There is also an additional possibility that the market appreciates, too.
12/ Please consider this 2nd point a little further. Unlike the stock market, real estate can appreciate in two ways.

Either through natural market forces where supply & demand might be out of balance; or secondly through forced appreciation by improving an existing property.
13/ The majority of the time CAP rates will not concern you here. It will be more about the GDV (gross development value), the LTV leveraged used, the cost of construction per m2/sqft and many other elements.

Developers usually hold common equity exposure, which means they...
14/ ...have the highest risk, but also the highest return. It is common for a solid developer, with a constant track record to be able to make around 20% to 30% IRR (meaning annualized internal rate of return) over 2-4 years of the project length.

That basically means a double!
15/ You could partner up with the developer on the equity side, but you also have an option to invest in any of the other capital stack positions. These might be:

• senior debt
• mezzanine debt
• preferred equity
16/ Each of them have their advantages & disadvantages.
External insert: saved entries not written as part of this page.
(* Let $\phi:Z\to[-\infty,+\infty]$ be proper and closed and suppose Assumptions (A1) and (A2) hold for some $\lambda\in\mathbb R$. Then for every $z\in\overline{D\phi}$, $\lim_{\tau\downarrow0}J_\tau z=z$. In particular $\overline{D\phi}=\overline{D(|\partial\phi|)}$.
   Context: $(X,\mathsf d_X)$, $(Y,\mathsf d_Y)$ complete metric spaces; $Z=X\times Y$ with $\mathsf d_Z=(\mathsf d_X^2+\mathsf d_Y^2)^{1/2}$. $D_X\phi=\{x:\phi(x,y)<+\infty\ \forall y\}$, $D_Y\phi=\{y:\phi(x,y)>-\infty\ \forall x\}$, $D\phi=D_X\phi\times D_Y\phi$; proper: $D\phi\ne\emptyset$; closed: for $x\in D_X\phi$, $y\mapsto\phi(x,y)$ upper semicontinuous, for $y\in D_Y\phi$, $x\mapsto\phi(x,y)$ lower semicontinuous. (A1): $\phi=+\infty$ on $(X\setminus D_X\phi)\times D_Y\phi$, $\phi=-\infty$ on $D_X\phi\times(Y\setminus D_Y\phi)$. $\lambda^-=\max\{-\lambda,0\}$, $1/\lambda^-:=+\infty$ if $\lambda^-=0$. $\Phi_\tau(x,y;x',y')=\phi(x',y')+\frac1{2\tau}(\mathsf d_X^2(x',x)-\mathsf d_Y^2(y',y))$. $f$ on $Z$ is $\mu$-convex-concave along curves $\gamma,\sigma$ if for all $t\in[0,1]$: $f(\gamma_t,y)\le(1-t)f(\gamma_0,y)+tf(\gamma_1,y)-\frac\mu2t(1-t)\mathsf d_X^2(\gamma_0,\gamma_1)$ for all $y$ and $f(x,\sigma_t)\ge(1-t)f(x,\sigma_0)+tf(x,\sigma_1)+\frac\mu2t(1-t)\mathsf d_Y^2(\sigma_0,\sigma_1)$ for all $x$. (A2) for $\lambda$: for every $(x,y)\in Z$, $(x_0,y_0),(x_1,y_1)\in D\phi$ there are continuous curves $\gamma$ from $x_0$ to $x_1$, $\sigma$ from $y_0$ to $y_1$ such that for all $\tau\in(0,1/\lambda^-)$, $(x',y')\mapsto\Phi_\tau(x,y;x',y')$ is $(\tau^{-1}+\lambda)$-convex-concave along them. For $\tau\in(0,1/\lambda^-)$, $J_\tau z$ is the (unique, existing) saddle point of $z'\mapsto\Phi_\tau(z;z')$. Slope: for $z=(x,y)\in D\phi$ not isolated, $|\partial\phi|(z)=\limsup_{D\phi\ni z'=(x',y')\to z}\frac{\max\{\phi(x,y')-\phi(x',y),0\}}{\mathsf d_Z(z',z)}$; $0$ at isolated points of $D\phi$; $+\infty$ off $D\phi$. $D(|\partial\phi|)=\{z\in D\phi:|\partial\phi|(z)<+\infty\}$. *)

theory Defs
  imports "HOL-Analysis.Analysis"
begin

text \<open>Z = X x Y carries the product metric dist (x,y) (x',y') = sqrt (dX^2 + dY^2)
  (this is Isabelle's standard metric on product types, see dist_Pair_Pair).\<close>

definition lsc :: "('a::topological_space \<Rightarrow> ereal) \<Rightarrow> bool" where
  "lsc f \<longleftrightarrow> (\<forall>x. f x \<le> Liminf (at x) f)"

definition usc :: "('a::topological_space \<Rightarrow> ereal) \<Rightarrow> bool" where
  "usc f \<longleftrightarrow> (\<forall>x. Limsup (at x) f \<le> f x)"

definition DX :: "('a \<times> 'b \<Rightarrow> ereal) \<Rightarrow> 'a set" where
  "DX \<phi> = {x. \<forall>y. \<phi> (x, y) < \<infinity>}"

definition DY :: "('a \<times> 'b \<Rightarrow> ereal) \<Rightarrow> 'b set" where
  "DY \<phi> = {y. \<forall>x. \<phi> (x, y) > -\<infinity>}"

definition Dom :: "('a \<times> 'b \<Rightarrow> ereal) \<Rightarrow> ('a \<times> 'b) set" where
  "Dom \<phi> = DX \<phi> \<times> DY \<phi>"

definition proper_sp :: "('a \<times> 'b \<Rightarrow> ereal) \<Rightarrow> bool" where
  "proper_sp \<phi> \<longleftrightarrow> Dom \<phi> \<noteq> {}"

definition closed_sp :: "('a::topological_space \<times> 'b::topological_space \<Rightarrow> ereal) \<Rightarrow> bool" where
  "closed_sp \<phi> \<longleftrightarrow> (\<forall>x\<in>DX \<phi>. usc (\<lambda>y. \<phi> (x, y))) \<and> (\<forall>y\<in>DY \<phi>. lsc (\<lambda>x. \<phi> (x, y)))"

definition A1 :: "('a \<times> 'b \<Rightarrow> ereal) \<Rightarrow> bool" where
  "A1 \<phi> \<longleftrightarrow> (\<forall>x y. x \<notin> DX \<phi> \<and> y \<in> DY \<phi> \<longrightarrow> \<phi> (x, y) = \<infinity>)
              \<and> (\<forall>x y. x \<in> DX \<phi> \<and> y \<notin> DY \<phi> \<longrightarrow> \<phi> (x, y) = -\<infinity>)"

text \<open>lambda^- = max (-lambda) 0; the admissible step sizes are tau in (0, 1/lambda^-),
  with 1/lambda^- = +infinity when lambda^- = 0.\<close>
definition neg_part :: "real \<Rightarrow> real" where
  "neg_part l = max (- l) 0"

definition adm_tau :: "real \<Rightarrow> real set" where
  "adm_tau l = {\<tau>. 0 < \<tau> \<and> (neg_part l = 0 \<or> \<tau> < 1 / neg_part l)}"

definition Phi :: "('a::metric_space \<times> 'b::metric_space \<Rightarrow> ereal) \<Rightarrow> real \<Rightarrow> 'a \<times> 'b \<Rightarrow> 'a \<times> 'b \<Rightarrow> ereal" where
  "Phi \<phi> \<tau> z z' = \<phi> z' + ereal ((dist (fst z') (fst z))\<^sup>2 / (2 * \<tau>) - (dist (snd z') (snd z))\<^sup>2 / (2 * \<tau>))"

definition convex_concave_along ::
  "('a::metric_space \<times> 'b::metric_space \<Rightarrow> ereal) \<Rightarrow> real \<Rightarrow> (real \<Rightarrow> 'a) \<Rightarrow> (real \<Rightarrow> 'b) \<Rightarrow> bool" where
  "convex_concave_along f \<mu> \<gamma> \<sigma> \<longleftrightarrow>
     (\<forall>t\<in>{0..1}.
        (\<forall>y. f (\<gamma> t, y) \<le> ereal (1 - t) * f (\<gamma> 0, y) + ereal t * f (\<gamma> 1, y)
                 - ereal (\<mu> / 2 * t * (1 - t) * (dist (\<gamma> 0) (\<gamma> 1))\<^sup>2)) \<and>
        (\<forall>x. f (x, \<sigma> t) \<ge> ereal (1 - t) * f (x, \<sigma> 0) + ereal t * f (x, \<sigma> 1)
                 + ereal (\<mu> / 2 * t * (1 - t) * (dist (\<sigma> 0) (\<sigma> 1))\<^sup>2)))"

definition A2 :: "('a::metric_space \<times> 'b::metric_space \<Rightarrow> ereal) \<Rightarrow> real \<Rightarrow> bool" where
  "A2 \<phi> l \<longleftrightarrow> (\<forall>z x0 y0 x1 y1. (x0, y0) \<in> Dom \<phi> \<longrightarrow> (x1, y1) \<in> Dom \<phi> \<longrightarrow>
      (\<exists>\<gamma> \<sigma>. continuous_on {0..1} \<gamma> \<and> \<gamma> 0 = x0 \<and> \<gamma> 1 = x1 \<and>
              continuous_on {0..1} \<sigma> \<and> \<sigma> 0 = y0 \<and> \<sigma> 1 = y1 \<and>
              (\<forall>\<tau>\<in>adm_tau l. convex_concave_along (Phi \<phi> \<tau> z) (1 / \<tau> + l) \<gamma> \<sigma>)))"

definition is_saddle :: "('a \<times> 'b \<Rightarrow> ereal) \<Rightarrow> 'a \<times> 'b \<Rightarrow> bool" where
  "is_saddle f p \<longleftrightarrow> (\<forall>x' y'. f (fst p, y') \<le> f p \<and> f p \<le> f (x', snd p))"

definition J :: "('a::metric_space \<times> 'b::metric_space \<Rightarrow> ereal) \<Rightarrow> real \<Rightarrow> 'a \<times> 'b \<Rightarrow> 'a \<times> 'b" where
  "J \<phi> \<tau> z = (THE p. is_saddle (Phi \<phi> \<tau> z) p)"

definition slope :: "('a::metric_space \<times> 'b::metric_space \<Rightarrow> ereal) \<Rightarrow> 'a \<times> 'b \<Rightarrow> ereal" where
  "slope \<phi> z =
    (if z \<notin> Dom \<phi> then \<infinity>
     else if at z within Dom \<phi> = bot then 0
     else Limsup (at z within Dom \<phi>)
       (\<lambda>z'. max (\<phi> (fst z, snd z') - \<phi> (fst z', snd z)) 0 / ereal (dist z' z)))"

definition Dom_slope :: "('a::metric_space \<times> 'b::metric_space \<Rightarrow> ereal) \<Rightarrow> ('a \<times> 'b) set" where
  "Dom_slope \<phi> = {z \<in> Dom \<phi>. slope \<phi> z < \<infinity>}"

end

theory Submission
  imports Defs
begin

text \<open>
  For an admissible step \<open>\<tau>\<close>, (A2) makes \<open>\<Phi>\<^sub>\<tau>(z; \<cdot>)\<close> strongly convex in \<open>x\<close> and strongly
  concave in \<open>y\<close> along curves, with modulus \<open>1/\<tau> + \<lambda> > 0\<close>. Semicontinuity together with convexity
  along a curve leaving a small ball gives quadratic bounds \<open>\<phi>(x, y) \<ge> c - B d(x, p)\<^sup>2\<close> and
  \<open>\<phi>(x, y) \<le> c + B d(y, p)\<^sup>2\<close>. Once \<open>1/(2\<tau>)\<close> dominates \<open>B\<close>, the value
  \<open>s = sup\<^sub>y inf\<^sub>x \<Phi>\<^sub>\<tau>\<close> is finite, midpoint strong convexity makes near-optimal sequences Cauchy,
  and completeness with semicontinuity produces a saddle point, unique by strong convexity.
  Comparing the saddle inequalities at \<open>J\<^sub>\<tau> z\<close> with a point \<open>p \<in> D\<phi>\<close> gives
  \<open>d(J\<^sub>\<tau> z, z)\<^sup>2 \<le> 2 d(p, z)\<^sup>2 + C\<tau>\<close>, hence \<open>J\<^sub>\<tau> z \<rightarrow> z\<close> on the closure of \<open>D\<phi>\<close>; the same
  inequalities bound the difference quotients defining \<open>|\<partial>\<phi>|\<close> at \<open>J\<^sub>\<tau> z\<close>.
  Every statement about the concave variable is the convex one for the dual function
  \<open>(y, x) \<mapsto> -\<phi>(x, y)\<close>, which satisfies the same hypotheses.
\<close>

lemma le_of_le_add_scaled:
  fixes a b K :: real
  assumes "\<And>t. 0 < t \<Longrightarrow> t \<le> 1 \<Longrightarrow> a \<le> b + t * K"
  shows "a \<le> b"
proof (rule field_le_epsilon)
  fix e :: real assume "0 < e"
  define t where "t = min 1 (e / (\<bar>K\<bar> + 1))"
  have t: "0 < t" "t \<le> 1" using \<open>0 < e\<close> by (auto simp: t_def)
  have "t * K \<le> t * (\<bar>K\<bar> + 1)" using t by (intro mult_left_mono) auto
  also have "\<dots> \<le> e / (\<bar>K\<bar> + 1) * (\<bar>K\<bar> + 1)"
    by (intro mult_right_mono) (auto simp: t_def)
  finally show "a \<le> b + e" using assms[OF t] by simp
qed

lemma le_of_le_convex_comb:
  fixes a b m D t :: real
  assumes "0 < t" and "a \<le> (1 - t) * a + t * b - m * t * (1 - t) * D"
  shows "a + m * D \<le> b + t * (m * D)"
proof -
  have "t * (a + m * D) \<le> t * (b + t * (m * D))" using assms(2) by (simp add: algebra_simps)
  then show ?thesis using assms(1) by simp
qed

lemma concave_step_bound:
  fixes a b w s t m D c B :: real
  assumes t: "0 < t" "t \<le> 1" "t \<le> m / (2 * (m + B))" and D: "0 \<le> D" and m: "0 < m" and B: "0 \<le> B"
    and concave: "(1 - t) * a + t * b \<le> w" and near: "w < s + t\<^sup>2"
    and growth: "s + m * D \<le> a" and lower: "c - B * D \<le> b"
  shows "b < s + t" and "m / 2 * D \<le> t * (\<bar>s - c\<bar> + 1)"
proof -
  have "(1 - t) * (s + m * D) \<le> (1 - t) * a" using growth t by (intro mult_left_mono) auto
  with concave near have step: "(1 - t) * (s + m * D) + t * b < s + t\<^sup>2" by linarith
  have "0 \<le> (1 - t) * (m * D)" using t D m by simp
  with step have "t * b < t * (s + t)" by (simp add: algebra_simps power2_eq_square)
  then show "b < s + t" using t(1) by simp
  have "t * (m + B) \<le> m / 2" using t(3) m B by (simp add: field_simps)
  then have "m / 2 * D \<le> ((1 - t) * m - t * B) * D" using D by (intro mult_right_mono) (auto simp: algebra_simps)
  also have "t * (c - B * D) \<le> t * b" using lower t by (intro mult_left_mono) auto
  then have "((1 - t) * m - t * B) * D < t * (s - c + t)"
    using step by (simp add: algebra_simps power2_eq_square)
  also have "\<dots> \<le> t * (\<bar>s - c\<bar> + 1)" using t by (intro mult_left_mono) auto
  finally show "m / 2 * D \<le> t * (\<bar>s - c\<bar> + 1)" by simp
qed

lemma quadratic_gap_bound:
  fixes D R G C \<tau> :: real
  assumes \<tau>: "0 < \<tau>" and "D / (2 * \<tau>) \<le> G + R / (2 * \<tau>)" and "G \<le> C + D / (4 * \<tau>)"
  shows "D \<le> 2 * R + \<tau> * (4 * \<bar>C\<bar>)"
proof -
  have "D / (2 * \<tau>) = 2 * (D / (4 * \<tau>))" by simp
  with assms(2,3) have "D / (4 * \<tau>) \<le> C + R / (2 * \<tau>)" by linarith
  then have "D \<le> (C + R / (2 * \<tau>)) * (4 * \<tau>)" using \<tau> by (simp add: pos_divide_le_eq)
  also have "\<dots> = 2 * R + \<tau> * (4 * C)" using \<tau> by (simp add: field_simps)
  also have "\<dots> \<le> 2 * R + \<tau> * (4 * \<bar>C\<bar>)" using \<tau> by (intro add_left_mono mult_left_mono) auto
  finally show ?thesis .
qed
They all have various risk & return differences, suiting investors with all kinds of risk appetite.

Each of the exposures also outperforms during one part of the investment cycle and underperform during the other.
17/ In summary, think about real estate from three different angles — type, strategy & exposure — as you create your strategy and attack different parts of the business cycle for maximum return with minimal risk.

Assuming we are in the late stages of the investment cycle, the...
18/ ...question I might get asked next is: what am I focusing on right now?

Type: residential, hospitality (we have both right now)

Strategy: core plus, value add & opportunistic (we have all 3 right now)

Exposure: senior debt, mezzanine debt & equity (all 3 in play right now)
19/ Final word of caution:

The equity deal I purchased for an incredible discount in the best location possible (most expensive street in downtown). Even if the property prices fall 20% or so, I'll break even. I have an ability to do a value add, forcing the price higher.
20/ If that wasn't the case (meaningful margin of safety, purchased way below market value) I would not be doing equity deals right now. Especially opportunistic deals.

The main focus should be core & core plus, cash-flowing properties, with low LTV & senior debt exposure only!